You also undermined stereotypically masculine ideas of what tailored pieces should look like. There’s a blazer-dress, for example, and a halterneck, backless waistcoat.
I mean, I'm a gay man, and I'm a gay Black designer. Living in Nigeria for the past five years, I feel like I hid this side of myself, but I also feel that it was very important for me to actually show that side of me through my clothes. I don't want to be a gay designer that designs masculine things, it's not my truth. I want to see more vulnerability in men, less power. I think that's very important.

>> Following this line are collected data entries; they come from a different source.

lemma separating_functional_closed_convex:
  fixes K :: "'a::real_normed_vector set"
  assumes "closed K" "convex K" "q \<notin> K"
  obtains f :: "'a \<Rightarrow> real" and c where "bounded_linear f" "\<And>k. k \<in> K \<Longrightarrow> f k \<le> c" "c < f q"
proof (cases "K = {}")
  case True
  then show thesis by (intro that[OF bounded_linear_zero, of "-1"]) auto
next
  case False
  then obtain k0 where "k0 \<in> K" by blast
  have "open (- K)" using assms(1) by (simp add: closed_def)
  then obtain r where r: "0 < r" "ball q r \<subseteq> - K"
    using assms(3) open_contains_ball by blast
  \<comment> \<open>K - k0 thickened by radius r: a convex neighbourhood of 0 that misses q - k0\<close>
  define W where "W = (\<Union>x\<in>(\<lambda>k. k - k0) ` K. \<Union>b\<in>ball 0 r. {x + b})"
  have "convex W" unfolding W_def using assms(2) by (intro convex_sums) auto
  have k_in_W: "k - k0 + b \<in> W" if "k \<in> K" "norm b < r" for k b
    unfolding W_def using that by (intro UN_I[of "k - k0"] UN_I[of b]) auto
  have "ball 0 r \<subseteq> W" using k_in_W[OF \<open>k0 \<in> K\<close>] by auto
  have "q - k0 \<notin> W"
  proof
    assume "q - k0 \<in> W"
    then obtain k b where "k \<in> K" "norm b < r" "q - k0 = k - k0 + b" unfolding W_def by auto
    then have "k \<in> ball q r" by (simp add: dist_norm algebra_simps)
    then show False using r \<open>k \<in> K\<close> by blast
  qed
  then obtain f :: "'a \<Rightarrow> real" where f: "bounded_linear f" "f (q - k0) = 1" "\<And>w. w \<in> W \<Longrightarrow> f w \<le> 1"
    using separating_functional_convex_nhd[OF \<open>convex W\<close> r(1) \<open>ball 0 r \<subseteq> W\<close>] by blast
  interpret f: bounded_linear f by (fact f(1))
  have "q \<noteq> k0"
    using \<open>q - k0 \<notin> W\<close> \<open>ball 0 r \<subseteq> W\<close> r(1) by (metis centre_in_ball diff_self subsetD)
  \<comment> \<open>translating K - k0 by b keeps it inside W, which makes the separation strict\<close>
  define b where "b = (r / (2 * norm (q - k0))) *\<^sub>R (q - k0)"
  have "norm b < r" "0 < f b"
    using r(1) \<open>q \<noteq> k0\<close> f(2) by (simp_all add: b_def f.scale real_scaleR_def)
  have "f k \<le> f k0 + 1 - f b" if "k \<in> K" for k
    using f(3)[OF k_in_W[OF that \<open>norm b < r\<close>]] by (simp add: f.add f.diff)
  moreover have "f k0 + 1 - f b < f q" using f(2) \<open>0 < f b\<close> by (simp add: f.diff)
  ultimately show thesis by (rule that[OF f(1)])
qed

section \<open>The weak topology\<close>

lemma topspace_weak_topology [simp]: "topspace (weak_topology :: 'a::real_normed_vector topology) = UNIV"
proof -
  have "(UNIV :: 'a set) \<in> {f -` U | (f :: 'a \<Rightarrow> real) U. bounded_linear f \<and> open U}"
    by (intro CollectI exI[of _ "\<lambda>_. 0"] exI[of _ UNIV]) (simp add: bounded_linear_zero)
  then show ?thesis unfolding weak_topology_def topology_generated_by_topspace by blast
qed

lemma openin_weak_vimage:
  fixes f :: "'a::real_normed_vector \<Rightarrow> real"
  assumes "bounded_linear f" "open U"
  shows "openin weak_topology (f -` U)"
  unfolding weak_topology_def by (rule topology_generated_by_Basis) (use assms in blast)

lemma continuous_map_weak_topology:
  fixes f :: "'a::real_normed_vector \<Rightarrow> real"
  assumes "bounded_linear f"
  shows "continuous_map weak_topology euclideanreal f"
  unfolding continuous_map_def using openin_weak_vimage[OF assms] by (simp add: vimage_def)

lemma open_if_openin_weak:
  assumes "openin (weak_topology :: 'a::real_normed_vector topology) S"
  shows "open S"
proof -
  have "generate_topology_on {f -` U | (f :: 'a \<Rightarrow> real) U. bounded_linear f \<and> open U} S"
    using assms unfolding weak_topology_def by (rule openin_topology_generated_by)
  then show ?thesis
  proof (induction rule: generate_topology_on.induct)
    case (Basis s)
    then obtain f :: "'a \<Rightarrow> real" and U where "s = f -` U" "bounded_linear f" "open U" by blast
    then show ?case using open_vimage linear_continuous_on by blast
  qed auto
qed

lemma closedin_weak_closed_convex:
  fixes K :: "'a::real_normed_vector set"
  assumes "closed K" "convex K"
  shows "closedin weak_topology K"
proof -
  have "openin weak_topology (- K)"
  proof (subst openin_subopen, intro ballI)
    fix q assume "q \<in> - K"
    then obtain f :: "'a \<Rightarrow> real" and c where f: "bounded_linear f" "\<And>k. k \<in> K \<Longrightarrow> f k \<le> c" "c < f q"
      using separating_functional_closed_convex[OF assms] by blast
    have "openin weak_topology (f -` {c<..})" by (rule openin_weak_vimage[OF f(1) open_greaterThan])
    moreover have "q \<in> f -` {c<..}" "f -` {c<..} \<subseteq> - K" using f(2,3) by force+
    ultimately show "\<exists>T. openin weak_topology T \<and> q \<in> T \<and> T \<subseteq> - K" by blast
  qed
  then show ?thesis by (simp add: closedin_def Compl_eq_Diff_UNIV)
qed

lemma Hausdorff_space_weak_topology: "Hausdorff_space (weak_topology :: 'a::real_normed_vector topology)"
  unfolding Hausdorff_space_def
proof (intro allI impI)
  fix x y :: 'a assume "x \<in> topspace weak_topology \<and> y \<in> topspace weak_topology \<and> x \<noteq> y"
  then have "x \<notin> {y}" by simp
  then obtain f :: "'a \<Rightarrow> real" and c
    where f: "bounded_linear f" "\<And>k. k \<in> {y} \<Longrightarrow> f k \<le> c" "c < f x"
    using separating_functional_closed_convex[OF closed_singleton convex_singleton \<open>x \<notin> {y}\<close>] by blast
  define m where "m = (c + f x) / 2"
  have "openin weak_topology (f -` {m<..})" "openin weak_topology (f -` {..<m})"
    by (simp_all add: openin_weak_vimage[OF f(1)])
  moreover have "x \<in> f -` {m<..}" "y \<in> f -` {..<m}" "disjnt (f -` {m<..}) (f -` {..<m})"
    using f unfolding m_def disjnt_def by auto
  ultimately show "\<exists>U V. openin weak_topology U \<and> openin weak_topology V \<and> x \<in> U \<and> y \<in> V \<and> disjnt U V"
    by blast
qed

lemma weakly_compact_imp_closed:
  fixes K :: "'a::real_normed_vector set"
  assumes "weakly_compact K"
  shows "closed K"
proof -
  have "closedin weak_topology K"
    using Hausdorff_space_weak_topology assms unfolding weakly_compact_def by (rule compactin_imp_closedin)
  then have "open (- K)" by (simp add: closedin_def Compl_eq_Diff_UNIV open_if_openin_weak)
  then show ?thesis by (simp add: closed_def)
qed

lemma weakly_compact_Int_closed_convex:
  fixes K :: "'a::real_normed_vector set"
  assumes "weakly_compact K" "closed C" "convex C"
  shows "weakly_compact (C \<inter> K)"
  using assms unfolding weakly_compact_def by (intro closed_Int_compactin closedin_weak_closed_convex)

lemma closed_cover_interior_nonempty:
  fixes E :: "nat \<Rightarrow> 'a::complete_space set"
  assumes "\<And>n. closed (E n)" "(\<Union>n. E n) = UNIV"
  obtains n where "interior (E n) \<noteq> {}"
proof -
  have "\<not> (\<forall>n. interior (E n) = {})"
  proof
    assume empty: "\<forall>n. interior (E n) = {}"
    have "euclidean interior_of (\<Union>(range E)) = {}"
    proof (rule Baire_category_alt)
      show "completely_metrizable_space (euclidean :: 'a topology) \<or>
          locally_compact_space euclidean \<and> regular_space euclidean"
        using completely_metrizable_space_euclidean by blast
      show "countable (range E)" by simp
      fix T assume "T \<in> range E"
      then obtain n where "T = E n" by blast
      then show "closedin euclidean T \<and> euclidean interior_of T = {}"
        using closed_closedin[THEN iffD1, OF assms(1)[of n]] empty by simp
    qed
    then show False using assms(2) by simp
  qed
  then show thesis using that by blast
qed

lemma norm_le_if_functionals_bounded_on_ball:
  fixes x :: "'a::real_normed_vector"
  assumes e: "0 < e" and bound: "\<And>g. g \<in> ball g0 e \<Longrightarrow> \<bar>blinfun_apply g x\<bar> \<le> c"
  shows "norm x \<le> 4 * c / e"
proof (cases "x = 0")
  case True
  then show ?thesis using bound[of g0] e by simp
next
  case False
  then obtain f :: "'a \<Rightarrow> real" where f: "bounded_linear f" "f x = norm x" "\<And>y. \<bar>f y\<bar> \<le> norm y"
    using norming_functional by blast
  define g where "g = g0 + (e / 2) *\<^sub>R Blinfun f"
  have "norm (Blinfun f) \<le> 1"
    by (rule norm_blinfun_bound) (use f in \<open>simp_all add: bounded_linear_Blinfun_apply\<close>)
  then have "dist g g0 < e" unfolding g_def dist_norm using e by (simp add: mult_left_le)
  then have "\<bar>blinfun_apply g x\<bar> \<le> c" "\<bar>blinfun_apply g0 x\<bar> \<le> c"
    using bound e by (auto simp: dist_commute)
  moreover have "blinfun_apply g x = blinfun_apply g0 x + (e / 2) * norm x"
    unfolding g_def using f by (simp add: blinfun.bilinear_simps bounded_linear_Blinfun_apply)
  ultimately have "(e / 2) * norm x \<le> 2 * c" by linarith
  then show ?thesis using e by (simp add: field_simps)
qed

lemma bounded_if_functionals_bounded:
  fixes K :: "'a::real_normed_vector set"
  assumes bounded_image: "\<And>f :: 'a \<Rightarrow> real. bounded_linear f \<Longrightarrow> bounded (f ` K)"
  shows "bounded K"
proof -
  define E where "E n = {g :: 'a \<Rightarrow>\<^sub>L real. \<forall>x\<in>K. \<bar>blinfun_apply g x\<bar> \<le> real n}" for n
  have "closed (E n)" for n
  proof -
    have "E n = (\<Inter>x\<in>K. {g. \<bar>blinfun_apply g x\<bar> \<le> real n})" unfolding E_def by auto
    moreover have "closed {g :: 'a \<Rightarrow>\<^sub>L real. \<bar>blinfun_apply g x\<bar> \<le> real n}" for x
      by (intro closed_Collect_le continuous_on_rabs linear_continuous_on
          blinfun.bounded_linear_left continuous_on_const)
    ultimately show ?thesis by auto
  qed
  moreover have "(\<Union>n. E n) = UNIV"
  proof -
    have "\<exists>n. g \<in> E n" for g
    proof -
      obtain B where B: "\<forall>x\<in>K. norm (blinfun_apply g x) \<le> B"
        using bounded_image[OF blinfun.bounded_linear_right] unfolding bounded_iff by blast
      have "\<bar>blinfun_apply g x\<bar> \<le> real (nat \<lceil>B\<rceil>)" if "x \<in> K" for x
      proof -
        have "norm (blinfun_apply g x) \<le> B" using B that by blast
        then show ?thesis using real_nat_ceiling_ge[of B] unfolding real_norm_def by linarith
      qed
      then have "g \<in> E (nat \<lceil>B\<rceil>)" unfolding E_def by blast
      then show ?thesis by blast
    qed
    then show ?thesis by blast
  qed
  ultimately obtain n where "interior (E n) \<noteq> {}" using closed_cover_interior_nonempty by blast
  then obtain g0 e where e: "0 < e" "ball g0 e \<subseteq> E n" by (meson all_not_in_conv mem_interior)
  have "norm x \<le> 4 * real n / e" if "x \<in> K" for x
    using e(1) by (rule norm_le_if_functionals_bounded_on_ball) (use e(2) that in \<open>auto simp: E_def\<close>)
  then show ?thesis unfolding bounded_iff by blast
qed

lemma weakly_compact_imp_bounded:
  fixes K :: "'a::real_normed_vector set"
  assumes "weakly_compact K"
  shows "bounded K"
proof (rule bounded_if_functionals_bounded)
  fix f :: "'a \<Rightarrow> real" assume "bounded_linear f"
  have "compactin euclideanreal (f ` K)"
    using assms continuous_map_weak_topology[OF \<open>bounded_linear f\<close>]
    unfolding weakly_compact_def by (rule image_compactin)
  then show "bounded (f ` K)" by (simp add: compact_imp_bounded)
qed

section \<open>Radii and orbits\<close>

lemma rad_upper:
  fixes A :: "'a::real_normed_vector set"
  assumes "bounded A" "y \<in> A"
  shows "norm (x - y) \<le> rad x A"
proof -
  obtain M where "\<And>y. y \<in> A \<Longrightarrow> norm y \<le> M" using assms(1) unfolding bounded_iff by blast
  then have "norm (x - y) \<le> norm x + M" if "y \<in> A" for y
    using norm_triangle_ineq4[of x y] that by fastforce
  then have "bdd_above ((\<lambda>y. norm (x - y)) ` A)" by (intro bdd_aboveI2)
  then show ?thesis unfolding rad_def by (rule cSUP_upper[OF assms(2)])
qed

lemma rad_least:
  fixes A :: "'a::real_normed_vector set"
  assumes "A \<noteq> {}" "\<And>y. y \<in> A \<Longrightarrow> norm (x - y) \<le> c"
  shows "rad x A \<le> c"
  unfolding rad_def using assms by (rule cSUP_least)

lemma rad_mono:
  fixes A :: "'a::real_normed_vector set"
  assumes "bounded B" "A \<noteq> {}" "A \<subseteq> B"
  shows "rad x A \<le> rad x B"
  using assms by (intro rad_least rad_upper) auto

lemma rad_singleton [simp]: "rad x {x} = 0"
  unfolding rad_def by simp

lemma funpow_in_orbit: "(T ^^ n) x \<in> orbit T x"
  unfolding orbit_def by simp

lemma orbit_nonempty: "orbit T x \<noteq> {}"
  unfolding orbit_def by simp

lemma funpow_in_invariant: "T ` C \<subseteq> C \<Longrightarrow> x \<in> C \<Longrightarrow> (T ^^ n) x \<in> C"
  by (induction n) auto

lemma orbit_subset_invariant:
  assumes "T ` C \<subseteq> C" "x \<in> C"
  shows "orbit T x \<subseteq> C"
  unfolding orbit_def using funpow_in_invariant[OF assms] by auto

lemma orbit_fixed_point: "T x = x \<Longrightarrow> orbit T x = {x}"
proof -
  assume "T x = x"
  then have "(T ^^ n) x = x" for n by (induction n) simp_all
  then show ?thesis unfolding orbit_def by auto
qed

lemma orbitally_kannan_fixed_point_unique:
  assumes "orbitally_kannan C T" "x \<in> C" "y \<in> C" "T x = x" "T y = y"
  shows "x = y"
proof -
  have "norm (T x - T y) \<le> (rad x (orbit T x) + rad y (orbit T y)) / 2"
    using assms(1-3) unfolding orbitally_kannan_def by blast
  then show ?thesis using assms(4,5) by (simp add: orbit_fixed_point)
qed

Was it a similar idea with the makeup?
Yeah, it actually goes back a time when I was assaulted in Lagos airport. I was flying to Europe, and I had my nails done. The customs officer was just like, 'What the hell's this?! Why do you have your nails like this? Are you gay?' I was like, 'Yes, what shall I do about that?’ but it was such an episode of bullying. I was privileged enough to be able to speak up for myself, because I knew nothing would happen to me. But what about people that don't have that privilege -- what happens to them? Then, one morning I woke up and decided to start wearing makeup. I had to quarantine in Milan for two weeks, so I was ordering nail polish and just doing my nails to pass the time. Makeup is something so beautiful! It feels like something very different and new to me, I feel like I'm rebirthing myself.
What was the process of working with your community of weavers during lockdown like?
Well, we were all working from home -- I was in Lagos, and they were in Ilorin, where they live as around 10 to 15 people in one compound. You can't really do social distancing in Nigeria -- it's quite congested, just in terms of the way it's built up -- but I was making sure they were aware of what was going on. There were difficulties, though. Getting the garments sent to me in Lagos was really hard. And the design process was mostly done over WhatsApp. I'd tell the weaver the line and colour order, for example, going back to old designs and re-colouring them on my phone.
The designs do feel quite screen-friendly -- there's more focus on graphic elements, prints and embroideries.
I've been on my phone a lot, which I realised isn’t necessarily a bad thing. At the beginning of lockdown, I was complaining about it, but then I realised that I actually have access to something, it just depends on how I take it and use it. All my research was done on my phone, and I was also making sure that I was posting about it. I'd just randomly post my full moodboard on my Instagram story. Like the 3D apples that I knew would become the embroideries. And the makeup, too. It was about me being very honest about my process.
You chose to present physically in a season when most designers turned to lookbooks and films. Why was that?
I'm from an African family. We dress up to go out, we dress up to go to funerals, we dress up for everything. I feel like my garments are something that you just have to see, because I'm trying to tell a story that allows you to see us. I'm also not a fully digital person, and I don’t want to try to push myself in a direction I know isn’t my strength at this time. There is no time for that. It's better for me to just stay focussed on what I know I can do best and perfect it.